++++ Records provided ++++

definition "D_PsiT n P Q = Psi n P Q / 16 - Tdiv n P Q"
definition "D_PsiJ n P Q = Psi n P Q / 16 - Jdiv n P Q / 8"
definition "D_Psih n P Q = Psi n P Q / 16 - hell n P Q"
definition "D_PsiI n P Q = Psi n P Q / 16 - Idiv n P Q"
definition "D_PsiDelta n P Q = Psi n P Q / 16 - Delta n P Q / 4"
definition "D_TJ n P Q = Tdiv n P Q - Jdiv n P Q / 8"
definition "D_Th n P Q = Tdiv n P Q - hell n P Q"
definition "D_TDelta n P Q = Tdiv n P Q - Delta n P Q / 4"
definition "D_Jh n P Q = Jdiv n P Q / 8 - hell n P Q"
definition "D_JDelta n P Q = Jdiv n P Q / 8 - Delta n P Q / 4"
definition "D_hI n P Q = hell n P Q - Idiv n P Q"
definition "D_hDelta n P Q = hell n P Q - Delta n P Q / 4"
definition "D_IDelta n P Q = Idiv n P Q - Delta n P Q / 4"

end

theory Submission
  imports Defs "HOL-Analysis.Convex"
begin

(* Every measure here is a Csiszar f-divergence \<Sum>i. q\<^sub>i f(p\<^sub>i / q\<^sub>i), and each
   inequality asserts that some linear combination of them is nonnegative. The same
   combination g of the generators satisfies g(1) = g'(1) = 0, so g \<ge> 0 on (0, \<infinity>) as soon
   as g is convex there, and then the divergence is a sum of nonnegative terms; in
   particular only positivity of the entries is used. Writing t = s\<^sup>2 to clear the
   square root of the Hellinger generator, g''(t) = N(s) / (t\<^sup>3 (t + 1)\<^sup>3) for a
   polynomial N, and in every case N(s) = (s - 1)\<^sup>4 r(s) with r visibly nonnegative
   for s > 0. *)

definition f_divergence ::
    "nat \<Rightarrow> (real \<Rightarrow> real) \<Rightarrow> (nat \<Rightarrow> real) \<Rightarrow> (nat \<Rightarrow> real) \<Rightarrow> real" where
  "f_divergence n f P Q = (\<Sum>i<n. Q i * f (P i / Q i))"

lemma f_divergence_nonneg:
  assumes "\<And>t. 0 < t \<Longrightarrow> 0 \<le> f t"
    and "\<forall>i<n. 0 < P i" and "\<forall>i<n. 0 < Q i"
  shows "0 \<le> f_divergence n f P Q"
  unfolding f_divergence_def using assms by (auto intro!: sum_nonneg)
(* Let $\epsilon'$ be obtained from $\epsilon$ by removing the entry $\epsilon_i$ (if $n=4$, assume $\epsilon'$ homogeneous), and let $\mathcal V'=\mathfrak{tr}^\epsilon_{\epsilon'}(\mathcal V)$. Then (1) $\mathcal V'$ is stable under the action of $\mathring{\mathcal U}(\epsilon')$ via $\phi$ and is isomorphic to the natural representation of $\mathring{\mathcal U}(\epsilon')$; (2) $\mathfrak{tr}^\epsilon_{\epsilon'}(\mathcal V^{\otimes\ell})$ is isomorphic to $\mathcal V'^{\otimes\ell}$ as a $\mathring{\mathcal U}(\epsilon')$-module, for every $\ell\ge1$.
   Context: Fix $n\ge 4$, $\epsilon\in\{0,1\}^n$. For $\epsilon^\ast\in\{0,1\}^k$: $\mathbb I=\{1,\dots,k\}$, $\alpha_i=\delta_i-\delta_{i+1}$, $\langle\alpha_i,\delta_j^\vee\rangle$ the coefficient of $\delta_j$ in $\alpha_i$, $I_{\rm even}=\{i:\epsilon^\ast_i=\epsilon^\ast_{i+1}\}$, $I_{\rm odd}$ its complement, $[2]=q+q^{-1}$, $q_j=q$ if $\epsilon^\ast_j=0$, $q_j=-q^{-1}$ if $\epsilon^\ast_j=1$. $\mathring{\mathcal U}(\epsilon^\ast)$ is generated over $\mathbb Q(q)$ by pairwise commuting invertible $\omega_j$ ($j\in\mathbb I$) and $e_i,f_i$ ($1\le i\le k-1$) with relations $\omega_je_i\omega_j^{-1}=q_j^{\langle\alpha_i,\delta_j^\vee\rangle}e_i$, $\omega_jf_i\omega_j^{-1}=q_j^{-\langle\alpha_i,\delta_j^\vee\rangle}f_i$, $e_if_j-f_je_i=\delta_{ij}(k_i-k_i^{-1})/(q-q^{-1})$, $k_i=\omega_i\omega_{i+1}^{-1}$, $e_i^2=f_i^2=0$ ($i\in I_{\rm odd}$) and Serre-type relations ($e_ie_j=e_je_i$ for $|i-j|>1$; $e_i^2e_j-(-1)^{\epsilon^\ast_i}[2]e_ie_je_i+e_je_i^2=0$ for $i\in I_{\rm even}$, $|i-j|=1$; $e_ie_{i-1}e_ie_{i+1}-e_ie_{i+1}e_ie_{i-1}+e_{i+1}e_ie_{i-1}e_i-e_{i-1}e_ie_{i+1}e_i+(-1)^{\epsilon^\ast_i}[2]e_ie_{i-1}e_{i+1}e_i=0$ for $i\in I_{\rm odd}$; same for $f$). Tensor products use $\Delta(\omega_j)=\omega_j\otimes\omega_j$, $\Delta(e_i)=e_i\otimes1+k_i^{-1}\otimes e_i$, $\Delta(f_i)=f_i\otimes k_i+1\otimes f_i$. The natural representation $\mathcal V$ of $\mathring{\mathcal U}(\epsilon^\ast)$ is $\bigoplus_{j\in\mathbb I}\mathbb Q(q)v_j$ with $\omega_iv_j=q_i^{\delta_{ij}}v_j$, $e_kv_j=\delta_{k,j-1}v_{j-1}$, $f_kv_j=\delta_{kj}v_{j+1}$. Action via $\phi$: $\mathring{\mathcal U}(\epsilon')$ (generators $\omega'_l$, $1\le l\le n-1$, and $e'_j,f'_j$, $1\le j\le n-2$) acts on $\mathring{\mathcal U}(\epsilon)$-modules through $\omega'_l\mapsto\omega_l$ ($l<i$), $\omega_{l+1}$ ($l\ge i$), $e'_j\mapsto E_j$, $f'_j\mapsto F_j$ where: if $2\le i\le n-1$, $E_j=e_j,F_j=f_j$ ($j\le i-2$), $E_{i-1}=e_{i-1}e_i-D\,e_ie_{i-1}$, $F_{i-1}=f_if_{i-1}-D^{-1}f_{i-1}f_i$ with $D=q_{i-1}^{\langle\alpha_i,\delta_{i-1}^\vee\rangle}q_i^{-\langle\alpha_i,\delta_i^\vee\rangle}$, and $E_j=e_{j+1},F_j=f_{j+1}$ ($j\ge i$); if $i=n$, $E_j=e_j,F_j=f_j$; if $i=1$, $E_j=e_{j+1},F_j=f_{j+1}$. Truncation: for a $\mathring{\mathcal U}(\epsilon)$-submodule $V$ of a tensor power of $\mathcal V$, with weight spaces $V_\mu=\{u:\omega_ju=q_j^{\mu_j}u\}$, $\mu=\sum\mu_j\delta_j$, $\mathfrak{tr}^\epsilon_{\epsilon'}(V)=\bigoplus_{\mu:\ \mu_i=0}V_\mu$ (where $i$ is the removed position). *)

theory Defs
  imports "HOL-Computational_Algebra.Polynomial" "HOL-Computational_Algebra.Fraction_Field"
begin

++++

**Exercise requirements**:
Word for word, restate the lines of the data above that fall between the line holding "Q / 8 - hell" and the line holding "(* Let $\epsilon'$", inclusive, and no other lines.

**Problem solution**:
definition "D_Jh n P Q = Jdiv n P Q / 8 - hell n P Q"
definition "D_JDelta n P Q = Jdiv n P Q / 8 - Delta n P Q / 4"
definition "D_hI n P Q = hell n P Q - Idiv n P Q"
definition "D_hDelta n P Q = hell n P Q - Delta n P Q / 4"
definition "D_IDelta n P Q = Idiv n P Q - Delta n P Q / 4"

end

theory Submission
  imports Defs "HOL-Analysis.Convex"
begin

(* Every measure here is a Csiszar f-divergence \<Sum>i. q\<^sub>i f(p\<^sub>i / q\<^sub>i), and each
   inequality asserts that some linear combination of them is nonnegative. The same
   combination g of the generators satisfies g(1) = g'(1) = 0, so g \<ge> 0 on (0, \<infinity>) as soon
   as g is convex there, and then the divergence is a sum of nonnegative terms; in
   particular only positivity of the entries is used. Writing t = s\<^sup>2 to clear the
   square root of the Hellinger generator, g''(t) = N(s) / (t\<^sup>3 (t + 1)\<^sup>3) for a
   polynomial N, and in every case N(s) = (s - 1)\<^sup>4 r(s) with r visibly nonnegative
   for s > 0. *)

definition f_divergence ::
    "nat \<Rightarrow> (real \<Rightarrow> real) \<Rightarrow> (nat \<Rightarrow> real) \<Rightarrow> (nat \<Rightarrow> real) \<Rightarrow> real" where
  "f_divergence n f P Q = (\<Sum>i<n. Q i * f (P i / Q i))"

lemma f_divergence_nonneg:
  assumes "\<And>t. 0 < t \<Longrightarrow> 0 \<le> f t"
    and "\<forall>i<n. 0 < P i" and "\<forall>i<n. 0 < Q i"
  shows "0 \<le> f_divergence n f P Q"
  unfolding f_divergence_def using assms by (auto intro!: sum_nonneg)
(* Let $\epsilon'$ be obtained from $\epsilon$ by removing the entry $\epsilon_i$ (if $n=4$, assume $\epsilon'$ homogeneous), and let $\mathcal V'=\mathfrak{tr}^\epsilon_{\epsilon'}(\mathcal V)$. Then (1) $\mathcal V'$ is stable under the action of $\mathring{\mathcal U}(\epsilon')$ via $\phi$ and is isomorphic to the natural representation of $\mathring{\mathcal U}(\epsilon')$; (2) $\mathfrak{tr}^\epsilon_{\epsilon'}(\mathcal V^{\otimes\ell})$ is isomorphic to $\mathcal V'^{\otimes\ell}$ as a $\mathring{\mathcal U}(\epsilon')$-module, for every $\ell\ge1$.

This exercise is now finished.